Posted in Bootleg Theater on August 1st, 2025 by JJ Koczan

“There’s a good time waiting for you/Come on let’s get free,” says opening track “Good to Your Earhole” on Funkadelic‘s seventh full-length, Let’s Take it to the Stage (previously discussed here). They’re so close. That party is about to roll through and it’s getting glorious, and Let’s Take it to the Stage — issued April 21, 1975, just two weeks after Parliament‘s third album, Chocolate City (discussed here) — is a hard-funk masterpiece in its own right.
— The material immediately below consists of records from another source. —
inductive_set ring_gen :: "'a::comm_ring_1 set \<Rightarrow> 'a set" for A where
  gen: "a \<in> A \<Longrightarrow> a \<in> ring_gen A"
| one: "1 \<in> ring_gen A"
| zero: "0 \<in> ring_gen A"
| neg: "a \<in> ring_gen A \<Longrightarrow> - a \<in> ring_gen A"
| add: "a \<in> ring_gen A \<Longrightarrow> b \<in> ring_gen A \<Longrightarrow> a + b \<in> ring_gen A"
| mult: "a \<in> ring_gen A \<Longrightarrow> b \<in> ring_gen A \<Longrightarrow> a * b \<in> ring_gen A"

definition fin_gen_algebra :: "'a::comm_ring_1 set \<Rightarrow> 'a set \<Rightarrow> bool" where
  "fin_gen_algebra R B \<longleftrightarrow> (\<exists>S. finite S \<and> S \<subseteq> B \<and> ring_gen (R \<union> S) = B)"

end

theory Submission
  imports Defs
begin

text \<open>Let \<open>P\<close> keep the homogeneous components of degree \<open>(k, m)\<close> with \<open>m = k n\<close> and
  discard the others. On \<open>J\<^sub>\<le>\<^sub>n\<close> this is a ring homomorphism: if \<open>m \<le> k n\<close> and
  \<open>m' \<le> k' n\<close>, then \<open>m + m' = (k + k') n\<close> forces equality in both inequalities, so
  \<open>J\<^sub>n\<close> is a face of \<open>J\<^sub>\<le>\<^sub>n\<close>. As \<open>P\<close> fixes \<open>J\<^sub>n \<supseteq> J\<^sub>0\<^sub>,\<^sub>0\<close>, it maps
  \<open>J\<^sub>\<le>\<^sub>n = J\<^sub>0\<^sub>,\<^sub>0[S]\<close> onto \<open>J\<^sub>n = J\<^sub>0\<^sub>,\<^sub>0[P S]\<close>.\<close>

lemma ring_gen_image:
  fixes f :: "'a::comm_ring_1 \<Rightarrow> 'b::comm_ring_1"
  assumes f_one: "f 1 = 1"
    and f_add: "\<And>a b. a \<in> ring_gen A \<Longrightarrow> b \<in> ring_gen A \<Longrightarrow> f (a + b) = f a + f b"
    and f_mult: "\<And>a b. a \<in> ring_gen A \<Longrightarrow> b \<in> ring_gen A \<Longrightarrow> f (a * b) = f a * f b"
  shows "f ` ring_gen A = ring_gen (f ` A)"
proof
  have f_zero: "f 0 = 0"
    using f_add[OF ring_gen.zero ring_gen.zero] by simp
  have f_neg: "f (- a) = - f a" if "a \<in> ring_gen A" for a
    using f_add[OF that ring_gen.neg[OF that]] f_zero by (simp add: eq_neg_iff_add_eq_0 add.commute)
  show "f ` ring_gen A \<subseteq> ring_gen (f ` A)"
  proof clarify
    fix x assume "x \<in> ring_gen A"
    then show "f x \<in> ring_gen (f ` A)"
      by induction (auto simp: f_one f_zero f_neg f_add f_mult intro: ring_gen.intros)
  qed
  show "ring_gen (f ` A) \<subseteq> f ` ring_gen A"
  proof
    fix y assume "y \<in> ring_gen (f ` A)"
    then show "y \<in> f ` ring_gen A"
    proof induction
      case (gen a)
      then show ?case by (auto intro: ring_gen.gen)
    next
      case one
      show ?case using ring_gen.one f_one by (metis image_eqI)
    next
      case zero
      show ?case using ring_gen.zero f_zero by (metis image_eqI)
    next
      case (neg a)
      then obtain x where "x \<in> ring_gen A" "a = f x" by blast
      then show ?case using ring_gen.neg f_neg by (metis image_eqI)
    next
      case (add a b)
      then obtain x y where "x \<in> ring_gen A" "y \<in> ring_gen A" "a = f x" "b = f y" by blast
      then show ?case using ring_gen.add f_add by (metis image_eqI)
    next
      case (mult a b)
      then obtain x y where "x \<in> ring_gen A" "y \<in> ring_gen A" "a = f x" "b = f y" by blast
      then show ?case using ring_gen.mult f_mult by (metis image_eqI)
    qed
  qed
qed

lemma graded_part_mono:
  "(\<And>k m. L k m \<Longrightarrow> L' k m) \<Longrightarrow> graded_part J L \<subseteq> graded_part J L'"
  unfolding graded_part_def by blast

lemma sum_over_support:
  "finite A \<Longrightarrow> {p. f p \<noteq> 0} \<subseteq> A \<Longrightarrow> sum f A = (\<Sum>p\<in>{p. f p \<noteq> 0}. f p)"
  by (rule sum.mono_neutral_right) auto

locale bigraded_ring =
  fixes J :: "nat \<Rightarrow> nat \<Rightarrow> 'a::comm_ring_1 set"
  assumes bigraded: "bigraded J"
begin

lemma zero_closed: "0 \<in> J k m"
  and add_closed: "x \<in> J k m \<Longrightarrow> y \<in> J k m \<Longrightarrow> x + y \<in> J k m"
  and mult_closed: "x \<in> J k m \<Longrightarrow> y \<in> J k' m' \<Longrightarrow> x * y \<in> J (k + k') (m + m')"
  and one_closed: "1 \<in> J 0 0"
  using bigraded unfolding bigraded_def by simp_all

definition is_decomposition :: "(nat \<times> nat \<Rightarrow> 'a) \<Rightarrow> bool" where
  "is_decomposition f \<longleftrightarrow> finite {p. f p \<noteq> 0} \<and> (\<forall>k m. f (k, m) \<in> J k m)"

definition component :: "'a \<Rightarrow> nat \<times> nat \<Rightarrow> 'a" where
  "component x = (THE f. is_decomposition f \<and> x = (\<Sum>p\<in>{p. f p \<noteq> 0}. f p))"

lemma decomposition_ex1: "\<exists>!f. is_decomposition f \<and> x = (\<Sum>p\<in>{p. f p \<noteq> 0}. f p)"
  using bigraded unfolding bigraded_def is_decomposition_def conj_assoc by (elim conjE) (rule spec)

lemma component_is_decomposition: "is_decomposition (component x)"
  and sum_component: "x = (\<Sum>p\<in>{p. component x p \<noteq> 0}. component x p)"
  using theI'[OF decomposition_ex1[of x]] unfolding component_def by blast+

lemma finite_component_support: "finite {p. component x p \<noteq> 0}"
  and component_mem: "component x (k, m) \<in> J k m"
  using component_is_decomposition unfolding is_decomposition_def by blast+

lemma component_eqI:
  assumes "is_decomposition f" "finite A" "{p. f p \<noteq> 0} \<subseteq> A" "x = sum f A"
  shows "component x = f"
  unfolding component_def
  by (rule the1_equality[OF decomposition_ex1]) (use assms sum_over_support in auto)

lemma component_add: "component (x + y) p = component x p + component y p"
proof -
  let ?A = "{p. component x p \<noteq> 0} \<union> {p. component y p \<noteq> 0}"
  have fin: "finite ?A"
    using finite_component_support by blast
  have "component (x + y) = (\<lambda>p. component x p + component y p)"
  proof (rule component_eqI[OF _ fin])
    show "{p. component x p + component y p \<noteq> 0} \<subseteq> ?A"
      by auto
    then show "is_decomposition (\<lambda>p. component x p + component y p)"
      unfolding is_decomposition_def using finite_subset[OF _ fin] add_closed component_mem
      by auto
    show "x + y = (\<Sum>p\<in>?A. component x p + component y p)"
      using sum_over_support[OF fin, of "component x"] sum_over_support[OF fin, of "component y"]
        sum_component[of x] sum_component[of y]
      by (simp add: sum.distrib)
  qed
  then show ?thesis by simp
qed

lemma component_homogeneous: "h \<in> J k m \<Longrightarrow> component h = (\<lambda>p. if p = (k, m) then h else 0)"
  by (rule component_eqI[where A = "{(k, m)}"]) (auto simp: is_decomposition_def zero_closed)

lemma component_graded_part:
  assumes "x \<in> graded_part J L" "component x p \<noteq> 0"
  shows "L (fst p) (snd p)"
proof -
  obtain f where f: "finite {p. f p \<noteq> 0}" "\<forall>k m. f (k, m) \<in> J k m"
      "\<forall>k m. f (k, m) \<noteq> 0 \<longrightarrow> L k m" "x = (\<Sum>p\<in>{p. f p \<noteq> 0}. f p)"
    using assms(1) unfolding graded_part_def by blast
  have "component x = f"
    by (rule component_eqI[OF _ f(1)]) (use f in \<open>auto simp: is_decomposition_def\<close>)
  then show ?thesis
    using f(3) assms(2) by (cases p) auto
qed

lemma graded_partE:
  assumes "x \<in> graded_part J L"
  obtains A f where "finite A" "\<And>p. p \<in> A \<Longrightarrow> f p \<in> J (fst p) (snd p)"
    "\<And>p. p \<in> A \<Longrightarrow> L (fst p) (snd p)" "x = sum f A"
  using assms unfolding graded_part_def by force

definition graded_proj :: "(nat \<Rightarrow> nat \<Rightarrow> bool) \<Rightarrow> 'a \<Rightarrow> 'a" where
  "graded_proj L x =
     (\<Sum>p\<in>{p. component x p \<noteq> 0}. if L (fst p) (snd p) then component x p else 0)"

lemma graded_proj_eq_sum:
  "finite A \<Longrightarrow> {p. component x p \<noteq> 0} \<subseteq> A \<Longrightarrow>
    graded_proj L x = (\<Sum>p\<in>A. if L (fst p) (snd p) then component x p else 0)"
  unfolding graded_proj_def by (rule sum.mono_neutral_left) auto

lemma graded_proj_add: "graded_proj L (x + y) = graded_proj L x + graded_proj L y"
proof -
  let ?A = "{p. component x p \<noteq> 0} \<union> {p. component y p \<noteq> 0}"
  have fin: "finite ?A"
    using finite_component_support by blast
  have sub: "{p. component (x + y) p \<noteq> 0} \<subseteq> ?A"
    by (auto simp: component_add)
  show ?thesis
    unfolding graded_proj_eq_sum[OF fin sub] graded_proj_eq_sum[OF fin Un_upper1]
      graded_proj_eq_sum[OF fin Un_upper2] sum.distrib[symmetric]
    by (rule sum.cong) (auto simp: component_add)
qed

lemma graded_proj_sum: "finite I \<Longrightarrow> graded_proj L (sum h I) = (\<Sum>i\<in>I. graded_proj L (h i))"
proof (induction I rule: finite_induct)
  case empty
  show ?case
    using graded_proj_add[of L 0 0] by simp
qed (simp add: graded_proj_add)

lemma graded_proj_homogeneous: "h \<in> J k m \<Longrightarrow> graded_proj L h = (if L k m then h else 0)"
  by (subst graded_proj_eq_sum[where A = "{(k, m)}"]) (auto simp: component_homogeneous)

lemma graded_proj_mem: "graded_proj L x \<in> graded_part J L"
proof -
  let ?f = "\<lambda>p. if L (fst p) (snd p) then component x p else 0"
  have sub: "{p. ?f p \<noteq> 0} \<subseteq> {p. component x p \<noteq> 0}"
    by auto
  have "graded_proj L x = sum ?f {p. ?f p \<noteq> 0}"
    unfolding graded_proj_def by (rule sum_over_support[OF finite_component_support sub])
  moreover have "finite {p. ?f p \<noteq> 0}"
    using finite_subset[OF sub finite_component_support] .
  ultimately show ?thesis
    unfolding graded_part_def using component_mem zero_closed
    by (intro CollectI exI[of _ ?f] conjI) auto
qed

lemma graded_proj_idem: "x \<in> graded_part J L \<Longrightarrow> graded_proj L x = x"
  unfolding graded_proj_def
  by (subst (3) sum_component) (rule sum.cong, auto dest: component_graded_part)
The early soul, R&B and doo-wop thread in George Clinton‘s work was still there, even the psychedelia was still there in the guitars of Garry Shider and Michael Hampton — Eddie Hazel is listed as an “alumni,” along with Bootsy Collins and Billy “Bass” Nelson, and others, but it’s been five years and the plot has shifted.

Bernie Worrell takes a more prominent role on keys in the absence of Hazel‘s shred — the most obvious example would be the seven-minute finale, “Atmosphere,” which taps into Bach more than Hendrix, and songs like “Better by the Pound” and “Be My Beach” with a characteristic vocal from Collins continue the grounded, dance-ready funk rock of Funkadelic‘s prior outing, 1974’s Standing on the Verge of Getting it On (discussed here), pushing right to the cusp, right to the edge of realization but still rooted in the songwriting methodology of their early work. With vocal contributions from Calvin Simon, Garry Shider, Worrell, Boogie Mosson, Collins, Grady Thomas, Ray Davis and Clarence “Fuzzy” Haskins (on ‘werewolf vocals’), among others Let’s Take it to the Stage is the first time Funkadelic have shown themselves willing to throw down. It’s the first time they’ve gotten confrontational.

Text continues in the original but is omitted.